Thailand

Thailand

Monday, October 7, 2013

SCARS...


They can be physical...

emotional...
They can be hidden or visible, but no matter where they are located...there has been pain. 


or sometimes a physical scar or deformity can cause emotional scars.
(I will refer to the girl in the center as K) 
K made it through the big screening day in August. I never saw her that day, but I got to know her this weekend as I was taking care of her in the hospital. She was one that we got to say 'yes, we can help you' to. 

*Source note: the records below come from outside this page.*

(* For each $a\in[0,1)$, the set $[(a,0)]=\{H_\varphi(a,0):\varphi\in\mathrm{Aut}(\mathbb{D})\}$ is a closed, path-connected subset of $\mathbb{G}$.
   Context: $\mathbb{D}$ is the open unit disc in $\mathbb{C}$ and $\mathrm{Aut}(\mathbb{D})$ its group of holomorphic automorphisms. The symmetrized bidisc is $\mathbb{G}=\{(z_1+z_2,z_1z_2): z_1,z_2\in\mathbb{D}\}\subset\mathbb{C}^2$. For $\varphi\in\mathrm{Aut}(\mathbb{D})$, $H_\varphi:\mathbb{G}\to\mathbb{G}$ is defined by $H_\varphi(z_1+z_2,z_1z_2)=(\varphi(z_1)+\varphi(z_2),\varphi(z_1)\varphi(z_2))$. "Closed" means closed in the relative topology of $\mathbb{G}$. *)

theory Defs
  imports "HOL-Complex_Analysis.Complex_Analysis"
begin

definition unit_disc :: "complex set" where
  "unit_disc = ball 0 1"

definition AutD :: "(complex \<Rightarrow> complex) set" where
  "AutD = {\<phi>. \<phi> holomorphic_on unit_disc \<and> bij_betw \<phi> unit_disc unit_disc}"

definition symm_bidisc :: "(complex \<times> complex) set" where
  "symm_bidisc = {(z1 + z2, z1 * z2) | z1 z2. z1 \<in> unit_disc \<and> z2 \<in> unit_disc}"

text \<open>H_phi(z1+z2, z1 z2) = (phi z1 + phi z2, phi z1 phi z2); well defined since symmetric.\<close>
definition H :: "(complex \<Rightarrow> complex) \<Rightarrow> complex \<times> complex \<Rightarrow> complex \<times> complex" where
  "H \<phi> p = (SOME q. \<exists>z1 z2. z1 \<in> unit_disc \<and> z2 \<in> unit_disc \<and> p = (z1 + z2, z1 * z2)
                        \<and> q = (\<phi> z1 + \<phi> z2, \<phi> z1 * \<phi> z2))"

end

(* Automorphisms of the disc preserve the pseudo-hyperbolic distance |z - w| / |1 - cnj z w|:
   after moving one point to 0 by a Moebius map, Schwarz's lemma applied to the automorphism
   and to its inverse shows that it preserves the norm. Conversely, a rotation followed by a
   Moebius map sends (0, a) to any pair of points at distance a. So the orbit of
   (a, 0) = (0 + a, 0 * a) is the set of all (z1 + z2, z1 z2) with z1, z2 in D at distance a.
   This set is the continuous image of D x {|v| = a} under (w, v) |-> (w + m, w m), where
   m = moebius (-w) v, hence path-connected. Since |z1 - z2|^2 and |1 - cnj z1 z2|^2 are
   functions of z1 + z2 and z1 z2 alone, it is also the trace on G of the zero set of a
   continuous function, hence closed in G. *)

theory Submission
  imports Defs
begin

(* moebius w z = (z - w) / (1 - cnj w z): it sends w to 0, and moebius (-w) is its inverse. *)
abbreviation moebius :: "complex \<Rightarrow> complex \<Rightarrow> complex" where
  "moebius w \<equiv> Moebius_function 0 w"

lemma moebius_inverse:
  assumes "norm w < 1" "norm z < 1"
  shows "moebius w (moebius (-w) z) = z" "moebius (-w) (moebius w z) = z"
  using Moebius_function_compose assms by auto

lemma AutD_mem_unit_disc:
  assumes "\<phi> \<in> AutD" "z \<in> unit_disc"
  shows "\<phi> z \<in> unit_disc"
proof -
  have "bij_betw \<phi> unit_disc unit_disc"
    using assms(1) by (simp add: AutD_def)
  then show ?thesis using assms(2) by (rule bij_betw_apply)
qed

lemma AutD_comp:
  assumes "\<phi> \<in> AutD" "\<psi> \<in> AutD"
  shows "\<phi> \<circ> \<psi> \<in> AutD"
proof -
  have "\<psi> ` unit_disc \<subseteq> unit_disc"
    using assms(2) AutD_mem_unit_disc by blast
  moreover have "\<phi> holomorphic_on unit_disc" "\<psi> holomorphic_on unit_disc"
      and "bij_betw \<phi> unit_disc unit_disc" "bij_betw \<psi> unit_disc unit_disc"
    using assms by (simp_all add: AutD_def)
  ultimately show ?thesis
    unfolding AutD_def by (simp add: holomorphic_on_compose_gen bij_betw_trans)
qed

lemma AutD_inv_into:
  assumes "\<phi> \<in> AutD"
  shows "inv_into unit_disc \<phi> \<in> AutD"
proof -
  have hol: "\<phi> holomorphic_on unit_disc" and bij: "bij_betw \<phi> unit_disc unit_disc"
    using assms by (simp_all add: AutD_def)
  have "open unit_disc" by (simp add: unit_disc_def)
  obtain g where g_hol: "g holomorphic_on \<phi> ` unit_disc"
      and g_inv: "\<And>z. z \<in> unit_disc \<Longrightarrow> g (\<phi> z) = z"
    by (rule holomorphic_has_inverse[OF hol \<open>open unit_disc\<close> bij_betw_imp_inj_on[OF bij]]) (rule that)
  have surj: "\<phi> ` unit_disc = unit_disc"
    using bij by (simp add: bij_betw_def)
  have "g w = inv_into unit_disc \<phi> w" if "w \<in> unit_disc" for w
  proof -
    have "w \<in> \<phi> ` unit_disc" using that surj by simp
    then obtain z where "w = \<phi> z" "z \<in> unit_disc" by (rule imageE)
    then show ?thesis using g_inv bij_betw_inv_into_left[OF bij] by simp
  qed
  with g_hol have "inv_into unit_disc \<phi> holomorphic_on unit_disc"
    unfolding surj by (rule holomorphic_transform)
  with bij_betw_inv_into[OF bij] show ?thesis by (simp add: AutD_def)
qed

lemma moebius_in_AutD:
  assumes "norm w < 1"
  shows "moebius w \<in> AutD"
proof -
  have "bij_betw (moebius w) unit_disc unit_disc"
    by (rule bij_betw_byWitness[where f'="moebius (-w)"])
       (use assms moebius_inverse Moebius_function_norm_lt_1 in \<open>auto simp: unit_disc_def\<close>)
  with Moebius_function_holomorphic[OF assms] show ?thesis
    by (simp add: AutD_def unit_disc_def)
qed

lemma rotation_in_AutD:
  assumes "norm u = 1"
  shows "(\<lambda>z. u * z) \<in> AutD"
proof -
  have "u \<noteq> 0" using assms by auto
  have "bij_betw (\<lambda>z. u * z) unit_disc unit_disc"
    by (rule bij_betw_byWitness[where f'="\<lambda>z. z / u"])
       (use assms \<open>u \<noteq> 0\<close> in \<open>auto simp: unit_disc_def norm_mult norm_divide\<close>)
  then show ?thesis by (simp add: AutD_def)
qed

lemma AutD_fixing_zero_norm_eq:
  assumes "\<phi> \<in> AutD" "\<phi> 0 = 0" "z \<in> unit_disc"
  shows "norm (\<phi> z) = norm z"
proof -
  have Schwarz: "norm (\<psi> \<zeta>) \<le> norm \<zeta>" if "\<psi> \<in> AutD" "\<psi> 0 = 0" "\<zeta> \<in> unit_disc" for \<psi> \<zeta>
    using that AutD_mem_unit_disc[OF that(1)]
    by (intro Schwarz_Lemma(1)) (auto simp: AutD_def unit_disc_def)
  define \<psi> where "\<psi> = inv_into unit_disc \<phi>"
  have bij: "bij_betw \<phi> unit_disc unit_disc" using assms(1) by (simp add: AutD_def)
  have "0 \<in> unit_disc" by (simp add: unit_disc_def)
  then have "\<psi> 0 = 0" and "\<psi> (\<phi> z) = z"
    using bij_betw_inv_into_left[OF bij] assms(2,3) by (metis \<psi>_def)+
  then have "norm z \<le> norm (\<phi> z)"
    using Schwarz[of \<psi> "\<phi> z"] AutD_inv_into[OF assms(1)] AutD_mem_unit_disc[OF assms(1,3)]
    by (simp add: \<psi>_def)
  with Schwarz[OF assms] show ?thesis by simp
qed

definition pseudo_hyperbolic_dist :: "complex \<Rightarrow> complex \<Rightarrow> real" where
  "pseudo_hyperbolic_dist z w = norm (moebius z w)"

lemma moebius_denominator_nonzero:
  assumes "norm z < 1" "norm w < 1"
  shows "1 - cnj z * w \<noteq> 0"
proof -
  have "norm (cnj z * w) < 1 * 1"
    unfolding norm_mult complex_mod_cnj by (rule mult_strict_mono) (use assms in auto)
  then show ?thesis by auto
qed

lemma pseudo_hyperbolic_dist_AutD_invariant:
  assumes "\<phi> \<in> AutD" "z \<in> unit_disc" "w \<in> unit_disc"
  shows "pseudo_hyperbolic_dist (\<phi> z) (\<phi> w) = pseudo_hyperbolic_dist z w"
proof -
  have z: "norm z < 1" and w: "norm w < 1" and \<phi>z: "norm (\<phi> z) < 1"
    using assms AutD_mem_unit_disc[OF assms(1,2)] by (auto simp: unit_disc_def)
  define \<psi> where "\<psi> = moebius (\<phi> z) \<circ> \<phi> \<circ> moebius (-z)"
  have "\<psi> \<in> AutD"
    unfolding \<psi>_def using assms(1) z \<phi>z by (intro AutD_comp moebius_in_AutD) auto
  moreover have "\<psi> 0 = 0"
    by (simp add: \<psi>_def Moebius_function_of_zero Moebius_function_eq_zero)
  moreover have "moebius z w \<in> unit_disc"
    using Moebius_function_norm_lt_1 z w by (simp add: unit_disc_def)
  ultimately have "norm (\<psi> (moebius z w)) = norm (moebius z w)"
    by (rule AutD_fixing_zero_norm_eq)
  moreover have "\<psi> (moebius z w) = moebius (\<phi> z) (\<phi> w)"
    by (simp only: \<psi>_def comp_def moebius_inverse(2)[OF z w])
  ultimately show ?thesis
    by (simp add: pseudo_hyperbolic_dist_def)
qed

I took care of her for 3 days (Wednesday, Thursday, and Friday). That first day I had a hard time engaging her in anything, she was very withdrawn and reserved.  I wanted to spend more time with her, but there was another patient (a 3 year old little boy) who had me carrying him around most of the day. 

Thursday I was able to spend a little more time with her, but still was having trouble. I watched her on Deck 7 while we were outside, and saw her watching some other girls her age...but she wouldn't go over and talk with them. In fact she didn't talk to anybody, only her mother who was with her.  

Finally, Friday morning I was able to sit down and teach her how to play memory. We played for awhile, until I had to give some more meds. Then some other people took the Memory game and started playing, so when I had more time we played Jenga. 

Now, it may not sound like much, but it was the first time I saw her interacting with anyone, and out of bed except for the times she had to be up. That day we took Jenga outside to Deck 7 and continued to play for the hour we were outside. I could still see her watching the other girls, and at one point I asked her if she wanted to go join them and she said 'no.' 

I didn't ask if she was still in school, but I can guess that she would have been teased for being different...creating those emotional scars. What she didn't know that I knew...those girls who look beautiful, seem to have nothing physically wrong are actually burn patients. They have physical scars which hide silently under their clothing. 

That's when I started thinking about scars and the different types...I have my own scars, but they are hidden deep in my heart, where nobody can see them. Everyone has them, and nobody what's to let other see them.

As I was thinking about it, I thought about Jesus...he had scars on his hands and feet from the cross. He shared those with his disciples, He didn't hide them. He truly understands our scars, the pain of rejection, the pain of cruel teasing and ridicule, and the physical pain of beatings and death. 

I haven't gotten this all figured out, but I know that I must trust Him with the pain of the past, present, and future. Through Him I will have the courage to love and forgive those that hurt me...following the example of Jesus. 

I love the saying here on the ship, "For hope to be believable in the future it must be tangible in the present." 


Hope
Healing
Love
Joy
Peace

What do these words really mean? Not the definition, but what does the essence of these words mean?